-------- MATERIAL SUPPLIED

lemma topk_sets_near:
  assumes xs: "xs \<in> topk_sets (demo_set l) 2 (indvec (4 * l) T)"
  obtains T1 j T1' j' where "xs = [demo_vec l T1 j, demo_vec l T1' j']"
    "demo_index l T1 j" "demo_index l T1' j'" "T1 \<subseteq> T" "T1' \<subseteq> T" "(T1, j) \<noteq> (T1', j')"
proof -
  have near: "\<exists>T1 j. x = demo_vec l T1 j \<and> demo_index l T1 j \<and> T1 \<subseteq> T" if x: "x \<in> set xs" for x
  proof -
    have "x \<in> demo_set l" using xs x unfolding topk_sets_def by auto
    moreover have "Sim x (indvec (4 * l) T) = (real l - 1) / real l"
      using topk_sets_maximizers[OF xs x _ card_near_maximizers] Sim_query_le by blast
    ultimately show ?thesis
      by (metis near_demo_of_maximal order_refl)
  qed
  obtain x y where xy: "xs = [x, y]" "x \<noteq> y"
    using xs unfolding topk_sets_def by (auto simp: numeral_2_eq_2 length_Suc_conv)
  obtain T1 j where "x = demo_vec l T1 j" "demo_index l T1 j" "T1 \<subseteq> T"
    using near[of x] xy(1) by auto
  moreover obtain T1' j' where "y = demo_vec l T1' j'" "demo_index l T1' j'" "T1' \<subseteq> T"
    using near[of y] xy(1) by auto
  ultimately show ?thesis
    using that xy by blast
qed

lemma expected_topk_loss:
  "1 / 12 < measure_pmf.expectation (topk_sel (demo_set l) 2 (indvec (4 * l) T))
              (\<lambda>xs. theta_loss (4 * l) xs (indvec (4 * l) T))"
proof -
  let ?q = "indvec (4 * l) T" and ?D = "demo_set l"
  obtain t where t: "t \<in> T" using query l_ge_3 by fastforce
  have idx: "demo_index l (T - {t}) (2 * l + 1)" "demo_index l (T - {t}) (2 * l + 2)"
    using l_ge_3 by (auto intro: near_demo_index[OF t])
  let ?w = "[demo_vec l (T - {t}) (2 * l + 1), demo_vec l (T - {t}) (2 * l + 2)]"
  have "?w \<in> topk_sets ?D 2 ?q"
    unfolding topk_sets_def
    using idx l_ge_3 t demo_vec_eq_iff[OF idx] demo_vec_in_demo_set[OF idx(1)] demo_vec_in_demo_set[OF idx(2)]
    by (auto simp: near_demo_maximal Sim_query_le)
  then have support: "set_pmf (topk_sel ?D 2 ?q) = topk_sets ?D 2 ?q"
    unfolding topk_sel_eq using finite_topk_sets[OF finite_demo_set] by (intro set_pmf_of_set) auto
  show ?thesis
  proof (rule expectation_pmf_gt)
    show "finite (set_pmf (topk_sel ?D 2 ?q))"
      unfolding support by (rule finite_topk_sets[OF finite_demo_set])
    show "1 / 12 \<le> theta_loss (4 * l) xs ?q" if "xs \<in> set_pmf (topk_sel ?D 2 ?q)" for xs
      using that unfolding support
      by (elim topk_sets_near) (metis order.strict_implies_order order_refl theta_loss_diverse_pair theta_loss_redundant_pair)
    show "?w \<in> set_pmf (topk_sel ?D 2 ?q)"
      unfolding support by fact
    show "1 / 12 < theta_loss (4 * l) ?w ?q"
      using idx by (intro theta_loss_redundant_pair) auto
  qed
qed

lemma topkdiv_first_near:
  assumes "0 < \<alpha>" and x: "x \<in> demo_set l"
    and max: "\<And>e. e \<in> demo_set l \<Longrightarrow> div_score \<alpha> (indvec (4 * l) T) {} e \<le> div_score \<alpha> (indvec (4 * l) T) {} x"
  obtains T1 j where "x = demo_vec l T1 j" "demo_index l T1 j" "T1 \<subseteq> T"
proof -
  obtain t where t: "t \<in> T" using query l_ge_3 by fastforce
  have "2 * l + 1 \<in> {2 * l + 1..4 * l}" using l_ge_3 by simp
  note w = near_demo_index[OF t this] near_demo_maximal[OF t this]
  have "\<alpha> * ((real l - 1) / real l) \<le> \<alpha> * Sim x (indvec (4 * l) T)"
    using max[OF demo_vec_in_demo_set[OF w(1)]] w(2) by (simp add: div_score_empty)
  then have "(real l - 1) / real l \<le> Sim x (indvec (4 * l) T)"
    using \<open>0 < \<alpha>\<close> by (simp only: mult_le_cancel_left_pos)
  then show ?thesis
    using near_demo_of_maximal[OF x] that by blast
qed

(* Replace an element of T1 by the element of T - T1 and change the upper coordinate: a near
  demonstration sharing only l - 2 coordinates with the first pick. *)
lemma diverse_competitor:
  assumes x: "demo_index l T1 j" "T1 \<subseteq> T"
  obtains c where "c \<in> demo_set l - {demo_vec l T1 j}" "Sim c (indvec (4 * l) T) = (real l - 1) / real l"
    "Sim c (demo_vec l T1 j) = (real l - 2) / real l"
proof -
  have "T1 \<noteq> {}" using x l_ge_3 unfolding demo_index_def by auto
  then obtain t where t: "t \<in> T1" by blast
  define j' where "j' = (if j = 2 * l + 1 then 2 * l + 2 else 2 * l + 1)"
  have j': "j' \<in> {2 * l + 1..4 * l}" "j' \<noteq> j" unfolding j'_def using l_ge_3 by auto
  have c: "demo_index l (T - {t}) j'" using near_demo_index[OF _ j'(1)] t x(2) by blast
  have "(T - {t}) \<inter> T1 = T1 - {t}" using x(2) by auto
  then have "card ((T - {t}) \<inter> T1) = l - 2"
    using t demo_index_finite[OF x(1)] x(1) unfolding demo_index_def by simp
  then have "Sim (demo_vec l (T - {t}) j') (demo_vec l T1 j) = (real l - 2) / real l"
    using Sim_demo_demo[OF c x(1)] j'(2) l_ge_3 by (simp add: of_nat_diff)
  moreover have "demo_vec l (T - {t}) j' \<noteq> demo_vec l T1 j"
    using demo_vec_eq_iff[OF c x(1)] j'(2) by simp
  ultimately show ?thesis
    using that demo_vec_in_demo_set[OF c] near_demo_maximal[OF _ j'(1)] t x(2) by blast
qed

lemma near_overlap_bounds:
  assumes x: "demo_index l T1 j" "T1 \<subseteq> T" and y: "demo_index l T1' j'"
  shows "card (T1' \<inter> T) \<le> l - 1" "card (T1' \<inter> T1) \<le> card (T1' \<inter> T)"
    "card (T1' \<inter> T) \<le> card (T1' \<inter> T1) + 1"
proof -
  have fin: "finite T1'" "finite T1" using x y demo_index_finite by blast+
  show "card (T1' \<inter> T) \<le> l - 1"
    using card_mono[OF fin(1), of "T1' \<inter> T"] y unfolding demo_index_def by simp
  show "card (T1' \<inter> T1) \<le> card (T1' \<inter> T)"
    using x fin by (intro card_mono) auto
  have "card (T - T1) = 1"
    using x query l_ge_3 finite_query by (simp add: card_Diff_subset demo_index_finite[OF x(1)] demo_index_def)
  moreover have "card (T1' \<inter> T) \<le> card ((T1' \<inter> T1) \<union> (T - T1))"
    using fin finite_query by (intro card_mono) auto
  moreover have "card ((T1' \<inter> T1) \<union> (T - T1)) \<le> card (T1' \<inter> T1) + card (T - T1)"
    by (rule card_Un_le)
  ultimately show "card (T1' \<inter> T) \<le> card (T1' \<inter> T1) + 1" by simp
qed

lemma topkdiv_second_diverse:
  assumes \<alpha>: "1 / 2 < \<alpha>" "\<alpha> < 1" and x: "demo_index l T1 j" "T1 \<subseteq> T"
    and y: "y \<in> demo_set l - {demo_vec l T1 j}"
    and max: "\<And>e. e \<in> demo_set l - {demo_vec l T1 j} \<Longrightarrow>
      div_score \<alpha> (indvec (4 * l) T) {demo_vec l T1 j} e \<le> div_score \<alpha> (indvec (4 * l) T) {demo_vec l T1 j} y"
  obtains T1' j' where "y = demo_vec l T1' j'" "demo_index l T1' j'" "T1' \<subseteq> T" "T1' \<noteq> T1" "j' \<noteq> j"
proof -
  obtain T1' j' where y': "y = demo_vec l T1' j'" "demo_index l T1' j'"
    using y unfolding demo_set_eq by blast
  define k where "k = card (T1' \<inter> T)"
  define m where "m = card (T1' \<inter> T1)"
  define \<delta> :: nat where "\<delta> = (if j' = j then 1 else 0)"
  obtain c where c: "c \<in> demo_set l - {demo_vec l T1 j}" "Sim c (indvec (4 * l) T) = (real l - 1) / real l"
    "Sim c (demo_vec l T1 j) = (real l - 2) / real l"
    using diverse_competitor[OF x] by blast
  have score: "\<alpha> * ((real l - 1) / l) + (1 - \<alpha>) * (1 - (real l - 2) / l)
      \<le> \<alpha> * (k / l) + (1 - \<alpha>) * (1 - (m + \<delta>) / l)"
    using max[OF c(1)] c(2,3) Sim_demo_query[OF y'(2)] Sim_demo_demo[OF y'(2) x(1)] l_ge_3
    unfolding y'(1) div_score_singleton k_def m_def \<delta>_def by (simp add: eq_commute[of j])
  have "\<delta> \<le> 1" "1 \<le> l" using l_ge_3 by (simp_all add: \<delta>_def)
  then have "k = l - 1" "m = l - 2" "\<delta> = 0"
    using diversity_score_maximal[OF \<alpha> near_overlap_bounds[OF x y'(2), folded k_def m_def] _ _ score]
    by simp_all
  moreover have "T1' \<subseteq> T"
    using Sim_demo_query_max_iff[OF y'(2)] Sim_demo_query[OF y'(2)] \<open>k = l - 1\<close> l_ge_3
    unfolding k_def by (simp add: of_nat_diff)
  moreover have "T1' \<noteq> T1"
    using \<open>m = l - 2\<close> x(1) l_ge_3 unfolding m_def demo_index_def by auto
  ultimately show ?thesis
    using that y' unfolding \<delta>_def by (auto split: if_splits)
qed

lemma topkdiv_loss:
  assumes \<alpha>: "1 / 2 < \<alpha>" "\<alpha> < 1"
    and xs: "xs \<in> set_pmf (topkdiv_sel \<alpha> (demo_set l) 2 (indvec (4 * l) T))"
  shows "theta_loss (4 * l) xs (indvec (4 * l) T) = 1 / 12"
proof -
  obtain t where t: "t \<in> T" using query l_ge_3 by fastforce
  have idx: "demo_index l (T - {t}) (2 * l + 1)" "demo_index l (T - {t}) (2 * l + 2)"
    using l_ge_3 by (auto intro: near_demo_index[OF t])
  obtain x y where x: "xs = [x, y]" "x \<in> demo_set l"
      "\<And>e. e \<in> demo_set l \<Longrightarrow> div_score \<alpha> (indvec (4 * l) T) {} e \<le> div_score \<alpha> (indvec (4 * l) T) {} x"
    and y: "y \<in> demo_set l - {x}"
      "\<And>e. e \<in> demo_set l - {x} \<Longrightarrow> div_score \<alpha> (indvec (4 * l) T) {x} e \<le> div_score \<alpha> (indvec (4 * l) T) {x} y"
    using set_pmf_topkdiv_sel_two[OF finite_demo_set demo_vec_in_demo_set[OF idx(1)]
        demo_vec_in_demo_set[OF idx(2)] _ xs] demo_vec_eq_iff[OF idx]
    by auto
  have "0 < \<alpha>" using \<alpha> by simp
  obtain T1 j where T1: "x = demo_vec l T1 j" "demo_index l T1 j" "T1 \<subseteq> T"
    by (rule topkdiv_first_near[OF \<open>0 < \<alpha>\<close> x(2,3)])
  obtain T1' j' where "y = demo_vec l T1' j'" "demo_index l T1' j'" "T1' \<subseteq> T" "T1' \<noteq> T1" "j' \<noteq> j"
    using topkdiv_second_diverse[OF \<alpha> T1(2,3)] y unfolding T1(1) by blast
  then show ?thesis
    using theta_loss_diverse_pair[OF T1(2) _ T1(3)] x(1) T1(1) by auto
qed

end

lemma set_pmf_query_dist:
  "set_pmf (query_dist l) = indvec (4 * l) ` {T. T \<subseteq> {1..2 * l} \<and> card T = l}"
proof -
  have "{1..l} \<in> {T. T \<subseteq> {1..2 * l} \<and> card T = l}" by auto
  then have "{T. T \<subseteq> {1..2 * l} \<and> card T = l} \<noteq> {}" by blast
  moreover have "finite {T. T \<subseteq> {1..2 * l} \<and> card T = l}"
    by (rule finite_subset[of _ "Pow {1..2 * l}"]) auto
  ultimately show ?thesis
    unfolding query_dist_def set_map_pmf by (simp add: set_pmf_of_set)
qed

theorem theorem2:
  fixes l :: nat and \<alpha> :: real
  assumes "l \<ge> 3" and "1 - 1 / real l \<le> \<alpha>" and "\<alpha> < 1"
  shows "expected_loss (4 * l) (query_dist l) (topk_sel (demo_set l) 2)
       > expected_loss (4 * l) (query_dist l) (topkdiv_sel \<alpha> (demo_set l) 2)"
proof -
  have "1 / real l \<le> 1 / 3" using assms(1) by (simp add: field_simps)
  then have \<alpha>: "1 / 2 < \<alpha>" "\<alpha> < 1" using assms(2,3) by linarith+
  have "expected_loss (4 * l) (query_dist l) (topkdiv_sel \<alpha> (demo_set l) 2) = 1 / 12"
    unfolding expected_loss_eq
  proof (rule expectation_pmf_const)
    fix q assume "q \<in> set_pmf (query_dist l)"
    then obtain T where T: "q = indvec (4 * l) T" "T \<subseteq> {1..2 * l}" "card T = l"
      by (auto simp: set_pmf_query_dist)
    show "measure_pmf.expectation (topkdiv_sel \<alpha> (demo_set l) 2 q) (\<lambda>xs. theta_loss (4 * l) xs q) = 1 / 12"
      unfolding T(1) by (rule expectation_pmf_const) (rule topkdiv_loss[OF assms(1) T(2,3) \<alpha>])
  qed
  moreover have "1 / 12 < expected_loss (4 * l) (query_dist l) (topk_sel (demo_set l) 2)"
    unfolding expected_loss_eq
  proof (rule expectation_pmf_gt)
    show "finite (set_pmf (query_dist l))"
      unfolding set_pmf_query_dist by (rule finite_imageI, rule finite_subset[of _ "Pow {1..2 * l}"]) auto
    show "indvec (4 * l) {1..l} \<in> set_pmf (query_dist l)"
      unfolding set_pmf_query_dist by auto
  qed (use expected_topk_loss[OF assms(1)] less_imp_le in \<open>auto simp: set_pmf_query_dist\<close>)
  ultimately show ?thesis by simp
qed

end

----------------

→ WHAT YOU SHOULD DO:
Repeat the lines from the first one in the records through the line containing "(\<lambda>xs. theta_loss (4 * l) xs (indvec", exactly as written, and nothing else.

→ REPLY:
lemma topk_sets_near:
  assumes xs: "xs \<in> topk_sets (demo_set l) 2 (indvec (4 * l) T)"
  obtains T1 j T1' j' where "xs = [demo_vec l T1 j, demo_vec l T1' j']"
    "demo_index l T1 j" "demo_index l T1' j'" "T1 \<subseteq> T" "T1' \<subseteq> T" "(T1, j) \<noteq> (T1', j')"
proof -
  have near: "\<exists>T1 j. x = demo_vec l T1 j \<and> demo_index l T1 j \<and> T1 \<subseteq> T" if x: "x \<in> set xs" for x
  proof -
    have "x \<in> demo_set l" using xs x unfolding topk_sets_def by auto
    moreover have "Sim x (indvec (4 * l) T) = (real l - 1) / real l"
      using topk_sets_maximizers[OF xs x _ card_near_maximizers] Sim_query_le by blast
    ultimately show ?thesis
      by (metis near_demo_of_maximal order_refl)
  qed
  obtain x y where xy: "xs = [x, y]" "x \<noteq> y"
    using xs unfolding topk_sets_def by (auto simp: numeral_2_eq_2 length_Suc_conv)
  obtain T1 j where "x = demo_vec l T1 j" "demo_index l T1 j" "T1 \<subseteq> T"
    using near[of x] xy(1) by auto
  moreover obtain T1' j' where "y = demo_vec l T1' j'" "demo_index l T1' j'" "T1' \<subseteq> T"
    using near[of y] xy(1) by auto
  ultimately show ?thesis
    using that xy by blast
qed

lemma expected_topk_loss:
  "1 / 12 < measure_pmf.expectation (topk_sel (demo_set l) 2 (indvec (4 * l) T))
              (\<lambda>xs. theta_loss (4 * l) xs (indvec (4 * l) T))"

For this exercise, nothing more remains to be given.